Problem ▸ Report each line of the entries that contains the word "assms", copied in full.

+++ Exercise materials

(* Let $\alpha,\beta\in(0,1]$, and let $L(t,u,v,w):\mathbb{T}^\kappa\times\mathbb{R}^3\to\mathbb{R}$ have continuous second-order partial derivatives in $(u,v,w)$. Consider the problem $$\mathcal{L}(y)=\int_a^bL\bigl(t,y(\sigma(t)),({}_a\Delta_h^\alpha y)(t),({}_h\Delta_b^\beta y)(t)\bigr)\Delta t\to\min,\qquad y(a)=A,\ y(b)=B,$$ over $y:\mathbb{T}\to\mathbb{R}$. If $\hat y$ is a local minimizer, then for all $t\in\mathbb{T}^{\kappa^2}$, $$L_u[\hat y](t)+\bigl({}_h\Delta_{\rho(b)}^{\alpha}L_v[\hat y]\bigr)(t)+\bigl({}_a\Delta_h^{\beta}L_w[\hat y]\bigr)(t)=0,$$ where $[y](s)=(s,y(\sigma(s)),({}_a\Delta_h^\alpha y)(s),({}_h\Delta_b^\beta y)(s))$ and $L_v[\hat y]$, $L_w[\hat y]$ are the functions $s\mapsto L_v([\hat y](s))$, $s\mapsto L_w([\hat y](s))$ on $\mathbb{T}^\kappa$.
   Context: Let $a\in\mathbb{R}$, $h>0$, $b=a+kh$ with $k\in\mathbb{N}$, $k\ge2$, $\mathbb{T}=\{a,a+h,\dots,b\}$, $\mathbb{T}^\kappa=\mathbb{T}\setminus\{b\}$, $\mathbb{T}^{\kappa^2}=\mathbb{T}\setminus\{b-h,b\}$, $\sigma(t)=t+h$, $\rho(t)=t-h$, $G^\Delta(t)=(G(t+h)-G(t))/h$; $\int_c^dG(s)\Delta s:=h\sum_{j=0}^{(d-c)/h-1}G(c+jh)$ for $c\le d$. $h$-factorial: $x_h^{(y)}:=h^y\Gamma(\frac{x}{h}+1)/\Gamma(\frac{x}{h}+1-y)$ (division at a pole yields zero). For $\nu\ge0$, $c\in\mathbb{T}$, $G$ on $\{s\in\mathbb{T}:s\le c\}$, $t\le c$: $({}_a\Delta_h^{-\nu}G)(t+\nu h):=h^\nu G(t)+\frac{\nu}{\Gamma(\nu+1)}\int_a^t(t+\nu h-\sigma(s))_h^{(\nu-1)}G(s)\Delta s$ and $({}_h\Delta_c^{-\nu}G)(t-\nu h):=h^\nu G(t)+\frac{\nu}{\Gamma(\nu+1)}\int_{\sigma(t)}^{\sigma(c)}(s+\nu h-\sigma(t))_h^{(\nu-1)}G(s)\Delta s$. For $0<\alpha\le1$, $\gamma=1-\alpha$, $t<c$: $({}_a\Delta_h^{\alpha}G)(t):=[\tau\mapsto({}_a\Delta_h^{-\gamma}G)(\tau+\gamma h)]^\Delta(t)$, $({}_h\Delta_c^{\alpha}G)(t):=-[\tau\mapsto({}_h\Delta_c^{-\gamma}G)(\tau-\gamma h)]^\Delta(t)$. Norm: $\|y\|=\max_{t\in\mathbb{T}^\kappa}|y(\sigma(t))|+\max_{t\in\mathbb{T}^\kappa}|({}_a\Delta_h^\alpha y)(t)|+\max_{t\in\mathbb{T}^\kappa}|({}_h\Delta_b^\beta y)(t)|$. $\hat y$ with $\hat y(a)=A$, $\hat y(b)=B$ is a local minimizer if for some $\delta>0$, $\mathcal{L}(\hat y)\le\mathcal{L}(y)$ for all $y$ with $y(a)=A$, $y(b)=B$, $\|y-\hat y\|<\delta$. *)

theory Defs
  imports "HOL-Analysis.Analysis"
begin

text \<open>Discrete time scale T = {a, a+h, ..., a+kh}, b = a + k h.\<close>

definition tscale :: "real \<Rightarrow> real \<Rightarrow> nat \<Rightarrow> real set" where
  "tscale a h k = {a + real j * h | j. j \<le> k}"

definition tscale_k :: "real \<Rightarrow> real \<Rightarrow> nat \<Rightarrow> real set" where
  "tscale_k a h k = {a + real j * h | j. j < k}"

definition tscale_k2 :: "real \<Rightarrow> real \<Rightarrow> nat \<Rightarrow> real set" where
  "tscale_k2 a h k = {a + real j * h | j. j + 2 \<le> k}"

text \<open>h-factorial; Isabelle's Gamma is 0 at its poles and x / 0 = 0, so a pole in the
  denominator yields zero.\<close>
definition hfact :: "real \<Rightarrow> real \<Rightarrow> real \<Rightarrow> real" where
  "hfact h x y = h powr y * Gamma (x / h + 1) / Gamma (x / h + 1 - y)"

definition dint :: "real \<Rightarrow> real \<Rightarrow> real \<Rightarrow> (real \<Rightarrow> real) \<Rightarrow> real" where
  "dint h c d G = h * (\<Sum>j < nat \<lfloor>(d - c) / h\<rfloor>. G (c + real j * h))"

text \<open>lfsum a h nu G t  =  (a Delta_h^{-nu} G)(t + nu h).\<close>
definition lfsum :: "real \<Rightarrow> real \<Rightarrow> real \<Rightarrow> (real \<Rightarrow> real) \<Rightarrow> real \<Rightarrow> real" where
  "lfsum a h \<nu> G t = h powr \<nu> * G t
     + \<nu> / Gamma (\<nu> + 1) * dint h a t (\<lambda>s. hfact h (t + \<nu> * h - (s + h)) (\<nu> - 1) * G s)"

text \<open>rfsum h c nu G t  =  (h Delta_c^{-nu} G)(t - nu h).\<close>
definition rfsum :: "real \<Rightarrow> real \<Rightarrow> real \<Rightarrow> (real \<Rightarrow> real) \<Rightarrow> real \<Rightarrow> real" where
  "rfsum h c \<nu> G t = h powr \<nu> * G t
     + \<nu> / Gamma (\<nu> + 1) * dint h (t + h) (c + h) (\<lambda>s. hfact h (s + \<nu> * h - (t + h)) (\<nu> - 1) * G s)"

definition lfdiff :: "real \<Rightarrow> real \<Rightarrow> real \<Rightarrow> (real \<Rightarrow> real) \<Rightarrow> real \<Rightarrow> real" where
  "lfdiff a h \<alpha> G t = (lfsum a h (1 - \<alpha>) G (t + h) - lfsum a h (1 - \<alpha>) G t) / h"

definition rfdiff :: "real \<Rightarrow> real \<Rightarrow> real \<Rightarrow> (real \<Rightarrow> real) \<Rightarrow> real \<Rightarrow> real" where
  "rfdiff h c \<alpha> G t = - ((rfsum h c (1 - \<alpha>) G (t + h) - rfsum h c (1 - \<alpha>) G t) / h)"

definition ynorm :: "real \<Rightarrow> real \<Rightarrow> nat \<Rightarrow> real \<Rightarrow> real \<Rightarrow> (real \<Rightarrow> real) \<Rightarrow> real" where
  "ynorm a h k \<alpha> \<beta> y =
     Max ((\<lambda>t. \<bar>y (t + h)\<bar>) ` tscale_k a h k)
   + Max ((\<lambda>t. \<bar>lfdiff a h \<alpha> y t\<bar>) ` tscale_k a h k)
   + Max ((\<lambda>t. \<bar>rfdiff h (a + real k * h) \<beta> y t\<bar>) ` tscale_k a h k)"

definition Lfun :: "real \<Rightarrow> real \<Rightarrow> nat \<Rightarrow> real \<Rightarrow> real \<Rightarrow>
    (real \<Rightarrow> real \<Rightarrow> real \<Rightarrow> real \<Rightarrow> real) \<Rightarrow> (real \<Rightarrow> real) \<Rightarrow> real" where
  "Lfun a h k \<alpha> \<beta> L y = dint h a (a + real k * h)
     (\<lambda>t. L t (y (t + h)) (lfdiff a h \<alpha> y t) (rfdiff h (a + real k * h) \<beta> y t))"

definition loc_min :: "real \<Rightarrow> real \<Rightarrow> nat \<Rightarrow> real \<Rightarrow> real \<Rightarrow>
    (real \<Rightarrow> real \<Rightarrow> real \<Rightarrow> real \<Rightarrow> real) \<Rightarrow> real \<Rightarrow> real \<Rightarrow> (real \<Rightarrow> real) \<Rightarrow> bool" where
  "loc_min a h k \<alpha> \<beta> L A B yh \<longleftrightarrow>
     yh a = A \<and> yh (a + real k * h) = B \<and>
     (\<exists>\<delta>>0. \<forall>y. y a = A \<longrightarrow> y (a + real k * h) = B \<longrightarrow>
        ynorm a h k \<alpha> \<beta> (\<lambda>t. y t - yh t) < \<delta> \<longrightarrow> Lfun a h k \<alpha> \<beta> L yh \<le> Lfun a h k \<alpha> \<beta> L y)"
lemma circle_map_comp:
  "g ` {0..<1} \<subseteq> {0..<1} \<Longrightarrow> circle_map f \<circ> circle_map g = circle_map (f \<circ> g)"
  using circle_point_in_S1 circle_angle_circle_point circle_angle_range
  by (auto simp: circle_map_def fun_eq_iff image_subset_iff)

lemma circle_map_cong: "(\<And>u. u \<in> {0..<1} \<Longrightarrow> f u = g u) \<Longrightarrow> circle_map f = circle_map g"
  using circle_angle_range by (auto simp: circle_map_def fun_eq_iff)

lemma circle_map_id_on: "(\<And>u. u \<in> {0..<1} \<Longrightarrow> f u = u) \<Longrightarrow> circle_map f = id"
  using circle_angle_range circle_point_circle_angle by (auto simp: circle_map_def fun_eq_iff)

lemma circle_map_eqD:
  assumes "circle_map f = circle_map g" "f ` {0..<1} \<subseteq> {0..<1}" "g ` {0..<1} \<subseteq> {0..<1}"
    and "u \<in> {0..<1}"
  shows "f u = g u"
proof -
  have "circle_point (f u) = circle_point (g u)"
    using fun_cong[OF assms(1), of "circle_point u"] circle_point_in_S1 circle_angle_circle_point assms(4)
    by (simp add: circle_map_def)
  moreover have "f u \<in> {0..<1}" "g u \<in> {0..<1}" using assms(2-4) by blast+
  ultimately show ?thesis using inj_on_circle_point by (auto dest: inj_onD)
qed

lemma circle_map_inverse:
  assumes "bij_betw f {0..<1} {0..<1}"
  shows "circle_map (inv_into {0..<1} f) \<circ> circle_map f = id"
    and "circle_map f \<circ> circle_map (inv_into {0..<1} f) = id"
proof -
  have "f ` {0..<1} \<subseteq> {0..<1}" "inv_into {0..<1} f ` {0..<1} \<subseteq> {0..<1}"
    using assms bij_betw_inv_into[OF assms] by (simp_all add: bij_betw_def)
  then show "circle_map (inv_into {0..<1} f) \<circ> circle_map f = id"
    and "circle_map f \<circ> circle_map (inv_into {0..<1} f) = id"
    using assms by (simp_all add: circle_map_comp circle_map_id_on bij_betw_inv_into_left
        bij_betw_inv_into_right del: atLeastLessThan_iff)
qed

lemma bij_betw_circle_map:
  assumes "bij_betw f {0..<1} {0..<1}"
  shows "bij_betw (circle_map f) S1 S1"
proof (rule bij_betw_byWitness[of _ "circle_map (inv_into {0..<1} f)"])
  show "\<forall>z\<in>S1. circle_map (inv_into {0..<1} f) (circle_map f z) = z"
    "\<forall>z\<in>S1. circle_map f (circle_map (inv_into {0..<1} f) z) = z"
    using circle_map_inverse[OF assms] by (simp_all add: fun_eq_iff)
qed (auto simp: circle_map_def circle_point_in_S1)

lemma hinv_circle_map:
  assumes "bij_betw f {0..<1} {0..<1}"
  shows "hinv (circle_map f) = circle_map (inv_into {0..<1} f)"
proof
  fix z
  have "inv_into S1 (circle_map f) z = circle_map (inv_into {0..<1} f) z" if "z \<in> S1"
  proof (rule inv_into_f_eq)
    show "inj_on (circle_map f) S1" using bij_betw_circle_map[OF assms] by (simp add: bij_betw_def)
    show "circle_map (inv_into {0..<1} f) z \<in> S1"
      using that by (simp add: circle_map_def circle_point_in_S1)
    show "circle_map f (circle_map (inv_into {0..<1} f) z) = z"
      using fun_cong[OF circle_map_inverse(2)[OF assms], of z] by simp
  qed
  then show "hinv (circle_map f) z = circle_map (inv_into {0..<1} f) z"
    by (simp add: hinv_def circle_map_def)
qed
lemma tie_potential_move:
  assumes part: "is_partition R m Y" and "finite R"
    and s: "s < m" "v (Y s) = min_bundle_value v m Y"
    and j: "j < m" "j \<noteq> s" "e \<in> Y j" "min_bundle_value v m Y < v (Y j - {e})"
  defines "Y' \<equiv> Y(s := insert e (Y s), j := Y j - {e})"
  assumes same_min: "min_bundle_value v m Y' = min_bundle_value v m Y"
  shows "tie_potential v m (card R + 1) Y' < tie_potential v m (card R + 1) Y"
proof -
  define C where "C = card R + 1"
  define I where "I = {i. i < m \<and> v (Y i) = min_bundle_value v m Y}"
  define I' where "I' = {i. i < m \<and> v (Y' i) = min_bundle_value v m Y}"
  have unchanged: "Y' i = Y i" "i \<in> I" if "i \<in> I' - {s}" for i
  proof -
    have "i \<noteq> j" using that j(4) by (auto simp: I'_def Y'_def)
    then show "Y' i = Y i" "i \<in> I" using that by (auto simp: I_def I'_def Y'_def)
  qed
  have rest: "(\<Sum>i\<in>I' - {s}. C - card (Y' i)) \<le> (\<Sum>i\<in>I - {s}. C - card (Y i))"
    using unchanged by (simp add: I_def sum_mono2 subset_iff)
  have "e \<notin> Y s" "e \<in> R" "Y s \<subseteq> R"
    using part s(1) j(1-3) is_partition_subset[OF part] unfolding is_partition_def by blast+
  moreover have "Y' s = insert e (Y s)" using j(2) by (simp add: Y'_def)
  ultimately have card_Ys: "card (Y' s) = card (Y s) + 1" "card (Y' s) \<le> card R"
    using \<open>finite R\<close> card_mono[OF \<open>finite R\<close>, of "insert e (Y s)"] by (simp_all add: finite_subset)
  have pot_Y: "tie_potential v m C Y = (C - card (Y s)) + (\<Sum>i\<in>I - {s}. C - card (Y i))"
    unfolding tie_potential_def I_def[symmetric] using s by (intro sum.remove) (auto simp: I_def)
  have "tie_potential v m C Y' = (if s \<in> I' then C - card (Y' s) else 0) + (\<Sum>i\<in>I' - {s}. C - card (Y' i))"
    unfolding tie_potential_def same_min I'_def[symmetric]
    by (cases "s \<in> I'") (auto simp: I'_def sum.remove)
  then show ?thesis
    using pot_Y rest card_Ys unfolding C_def by (auto split: if_splits)
qed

++++++

Your response ▸
    using fun_cong[OF assms(1), of "circle_point u"] circle_point_in_S1 circle_angle_circle_point assms(4)
  moreover have "f u \<in> {0..<1}" "g u \<in> {0..<1}" using assms(2-4) by blast+
    using assms bij_betw_inv_into[OF assms] by (simp_all add: bij_betw_def)
    using assms by (simp_all add: circle_map_comp circle_map_id_on bij_betw_inv_into_left
    using circle_map_inverse[OF assms] by (simp_all add: fun_eq_iff)
    show "inj_on (circle_map f) S1" using bij_betw_circle_map[OF assms] by (simp add: bij_betw_def)
      using fun_cong[OF circle_map_inverse(2)[OF assms], of z] by simp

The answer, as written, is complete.